-- Opening Marker --

lemma map_poly_pderiv: "map_poly f (pderiv p) = pderiv (map_poly f p)"
  using hom_of_nat[of "Suc _"]
  by (intro poly_eqI) (simp add: coeff_map_poly hom_zero coeff_pderiv hom_mult)

lemma map_poly_const: "map_poly f [:c:] = [:f c:]"
  by (simp add: hom_zero map_poly_pCons)

lemma map_poly_monom_1_1: "map_poly f (monom 1 1) = monom 1 1"
  by (simp add: hom_zero hom_one map_poly_monom)

lemma map_poly_of_nat: "map_poly f (of_nat k) = of_nat k"
  by (simp add: of_nat_poly hom_zero hom_of_nat map_poly_pCons)

lemma map_poly_numeral: "map_poly f (numeral k) = numeral k"
  by (simp add: numeral_poly hom_zero hom_numeral map_poly_pCons)

lemmas map_poly_simps = map_poly_add map_poly_diff map_poly_mult map_poly_pderiv map_poly_const
  map_poly_monom_1_1 map_poly_of_nat map_poly_numeral map_poly_1' hom_one power2_eq_square

end

interpretation const_poly: idom_hom "\<lambda>c::'a::idom. [:c:]"
  by unfold_locales (simp_all add: one_pCons)

lemmas const_poly_simps = const_poly.hom_add const_poly.hom_diff const_poly.hom_mult
  const_poly.hom_of_nat const_poly.hom_numeral const_poly.hom_zero const_poly.hom_one

lemma idom_hom_of_real: "idom_hom (of_real :: real \<Rightarrow> complex)"
  by unfold_locales simp_all

lemma idom_hom_poly_eval: "idom_hom (\<lambda>q :: 'a::idom poly. poly q x)"
  by unfold_locales simp_all

lemma pderiv_monom_1_1: "pderiv (monom 1 1 :: 'a::idom poly) = 1"
  by (simp add: pderiv_monom one_pCons)

lemma pderiv_const: "pderiv [:c::'a::idom:] = 0"
  by (simp add: pderiv_pCons)

lemma pderiv_numeral: "pderiv (numeral k :: 'a::idom poly) = 0"
  by (simp add: numeral_poly pderiv_const)

lemmas pderiv_ring_simps = pderiv_mult pderiv_add pderiv_diff pderiv_minus power2_eq_square
  pderiv_monom_1_1 pderiv_const pderiv_of_nat pderiv_1 pderiv_0 pderiv_numeral

section \<open>Polynomial factors of higher derivatives of (1 + c t^2)^a\<close>

fun rodrigues_poly :: "'a::idom \<Rightarrow> 'a \<Rightarrow> nat \<Rightarrow> 'a poly" where
  "rodrigues_poly c a 0 = 1"
| "rodrigues_poly c a (Suc n) = (1 + [:c:] * monom 1 1 ^ 2) * pderiv (rodrigues_poly c a n)
      + 2 * [:c * (a - of_nat n):] * monom 1 1 * rodrigues_poly c a n"

lemma rodrigues_poly_one_Suc:
  "rodrigues_poly 1 a (Suc n) = (1 + monom 1 1 ^ 2) * pderiv (rodrigues_poly 1 a n)
      + 2 * ([:a:] - of_nat n) * monom 1 1 * rodrigues_poly 1 a n"
  by (simp only: rodrigues_poly.simps const_poly_simps) algebra

lemma rodrigues_poly_one_Suc_Suc_lower:
  "rodrigues_poly 1 a (Suc (Suc n)) = 2 * [:a:] * monom 1 1 * rodrigues_poly 1 (a - 1) (Suc n)
      + 2 * [:a:] * of_nat (Suc n) * (1 + monom 1 1 ^ 2) * rodrigues_poly 1 (a - 1) n"
proof (induction n)
  case 0
  show ?case
    by (simp only: rodrigues_poly_one_Suc rodrigues_poly.simps(1) pderiv_ring_simps const_poly_simps
        of_nat_0 of_nat_Suc) algebra
next
  case (Suc n)
  have lower: "rodrigues_poly 1 (a - 1) (Suc n) = (1 + monom 1 1 ^ 2) * pderiv (rodrigues_poly 1 (a - 1) n)
      + 2 * ([:a:] - 1 - of_nat n) * monom 1 1 * rodrigues_poly 1 (a - 1) n"
    by (simp only: rodrigues_poly_one_Suc const_poly_simps)
  show ?case
    unfolding rodrigues_poly_one_Suc[of a "Suc (Suc n)"] Suc.IH
      rodrigues_poly_one_Suc[of "a - 1" "Suc n"]
    by (simp only: pderiv_ring_simps const_poly_simps of_nat_Suc) (use lower in algebra)
qed

lemma rodrigues_poly_one_three_term:
  "rodrigues_poly 1 a (Suc (Suc m)) = - 2 * (of_nat m + 1 - [:a:]) * monom 1 1 * rodrigues_poly 1 a (Suc m)
      - (of_nat m + 1) * (of_nat m - 2 * [:a:]) * (1 + monom 1 1 ^ 2) * rodrigues_poly 1 a m"
proof (induction m)
  case 0
  show ?case
    by (simp only: rodrigues_poly_one_Suc rodrigues_poly.simps(1) pderiv_ring_simps of_nat_0 of_nat_Suc)
      algebra
next
  case (Suc m)
  have "pderiv (rodrigues_poly 1 a (Suc (Suc m))) = - 2 * (of_nat m + 1 - [:a:])
        * (rodrigues_poly 1 a (Suc m) + monom 1 1 * pderiv (rodrigues_poly 1 a (Suc m)))
      - (of_nat m + 1) * (of_nat m - 2 * [:a:])
        * (2 * monom 1 1 * rodrigues_poly 1 a m + (1 + monom 1 1 ^ 2) * pderiv (rodrigues_poly 1 a m))"
    unfolding Suc.IH by (simp only: pderiv_ring_simps) algebra
  then show ?case
    using Suc.IH rodrigues_poly_one_Suc[of a "Suc m"] rodrigues_poly_one_Suc[of a m]
    unfolding rodrigues_poly_one_Suc[of a "Suc (Suc m)"] of_nat_Suc
    by algebra
qed

lemma rodrigues_poly_one_contiguous:
  "(of_nat (Suc k) - 2 * [:a:] - 2) * rodrigues_poly 1 (a + 1) (Suc k)
     + 2 * ([:a:] + 1) * rodrigues_poly 1 a (Suc k)
     + 2 * ([:a:] + 1) * of_nat (Suc k) * monom 1 1 * rodrigues_poly 1 a k = 0"
proof (cases k)
  case 0
  show ?thesis
    unfolding 0
    by (simp only: rodrigues_poly_one_Suc rodrigues_poly.simps(1) pderiv_ring_simps const_poly_simps
        of_nat_0 of_nat_Suc) algebra
next
  case (Suc j)
  show ?thesis
    unfolding Suc rodrigues_poly_one_Suc_Suc_lower[of "a + 1"] rodrigues_poly_one_three_term[of a]
    by (simp only: add_diff_cancel_right' const_poly_simps of_nat_Suc) algebra
qed

text \<open>
  The recurrence of ((1 + x^2)^(3/2) d/dx)^n (1 + x^2)^(-N) = H_n(x) (1 + x^2)^(n/2 - N).
\<close>

definition homog_rodrigues_step :: "'a::idom \<Rightarrow> nat \<Rightarrow> 'a poly \<Rightarrow> 'a poly" where
  "homog_rodrigues_step N n p = (1 + monom 1 1 ^ 2) * pderiv p + (of_nat n - 2 * [:N:]) * monom 1 1 * p"

fun homog_rodrigues_poly :: "'a::idom \<Rightarrow> nat \<Rightarrow> 'a poly" where
  "homog_rodrigues_poly N 0 = 1"
| "homog_rodrigues_poly N (Suc n) = homog_rodrigues_step N n (homog_rodrigues_poly N n)"

lemma homog_rodrigues_step_const_mult:
  "homog_rodrigues_step N n ([:c:] * p) = [:c:] * homog_rodrigues_step N n p"
  unfolding homog_rodrigues_step_def by (simp only: pderiv_ring_simps) algebra

lemma rodrigues_poly_diagonal_Suc:
  fixes b N :: "'a::idom"
  assumes "2 * b = 2 * N + 1"
  shows "(2 * [:N:] - of_nat n) * rodrigues_poly 1 (of_nat (Suc n) - b) (Suc n)
    = (2 * [:N:] - 2 * of_nat n - 1) * homog_rodrigues_step N n (rodrigues_poly 1 (of_nat n - b) n)"
proof -
  define a where "a = of_nat n - b"
  have b: "2 * [:b:] = 2 * [:N:] + 1"
    using arg_cong[OF assms, of "\<lambda>c. [:c:]"] by (simp only: const_poly_simps)
  have a1: "of_nat (Suc n) - b = a + 1"
    by (simp add: a_def)
  have a: "[:a:] = of_nat n - [:b:]"
    by (simp only: a_def const_poly_simps)
  show ?thesis
    unfolding a1 a_def[symmetric] homog_rodrigues_step_def
    using rodrigues_poly_one_contiguous[of n a] rodrigues_poly_one_Suc[of a n] b
    unfolding a of_nat_Suc by algebra
qed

-- Closing Marker --

- [EXERCISE GOAL]
Taking the line with "([:a:] - of_nat" as the first and the line with "(Suc (Suc n))" as the last, retype that stretch of the data above exactly, with no other lines.

- [SOLVED PROBLEM]
      + 2 * ([:a:] - of_nat n) * monom 1 1 * rodrigues_poly 1 a n"
  by (simp only: rodrigues_poly.simps const_poly_simps) algebra

lemma rodrigues_poly_one_Suc_Suc_lower:
  "rodrigues_poly 1 a (Suc (Suc n)) = 2 * [:a:] * monom 1 1 * rodrigues_poly 1 (a - 1) (Suc n)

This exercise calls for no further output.